→ ACTION ITEM
Copy each line from the entries that the word "using" appears in.

Extracted data entries
----

lemma cost_loss_small_shift:
  fixes h v :: "'a::real_normed_vector"
  assumes c: "cost_growth_bounds p \<Lambda> c" and p: "1 < p" and \<Lambda>: "1 \<le> \<Lambda>"
    and \<theta>: "0 < \<theta>" "(4 * \<theta>) powr (p - 1) * (2 * \<Lambda>) < 1 / (2 * \<Lambda>)"
    and M: "0 < M" and r: "0 < r" "r \<le> \<theta> * M"
    and h: "norm h \<le> 2 * r" and v: "norm v \<le> \<theta> * M"
  shows "c (h + v) - c v < r * M powr (p - 1) / (2 * \<Lambda>)"
proof -
  have "norm (h + v) + norm v \<le> 4 * \<theta> * M"
    using h v r norm_triangle_ineq[of h v] by linarith
  then have "(norm (h + v) + norm v) powr (p - 1) \<le> (4 * \<theta> * M) powr (p - 1)"
    using p by (intro powr_mono2) auto
  then have "c (h + v) - c v \<le> \<Lambda> * (4 * \<theta> * M) powr (p - 1) * (2 * r)"
    using c \<Lambda> h unfolding cost_growth_bounds_def
    by (smt (verit) add_diff_cancel_right' mult_mono mult_nonneg_nonneg norm_ge_zero powr_ge_zero)
  also have "\<dots> = ((4 * \<theta>) powr (p - 1) * (2 * \<Lambda>)) * (r * M powr (p - 1))"
    using M \<theta> by (simp add: powr_mult)
  also have "\<dots> < r * M powr (p - 1) / (2 * \<Lambda>)"
    using mult_strict_right_mono[OF \<theta>(2), of "r * M powr (p - 1)"] r M by simp
  finally show ?thesis .
qed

----

→ WRITTEN ANSWER
    using h v r norm_triangle_ineq[of h v] by linarith
    using p by (intro powr_mono2) auto
    using c \<Lambda> h unfolding cost_growth_bounds_def
    using M \<theta> by (simp add: powr_mult)
    using mult_strict_right_mono[OF \<theta>(2), of "r * M powr (p - 1)"] r M by simp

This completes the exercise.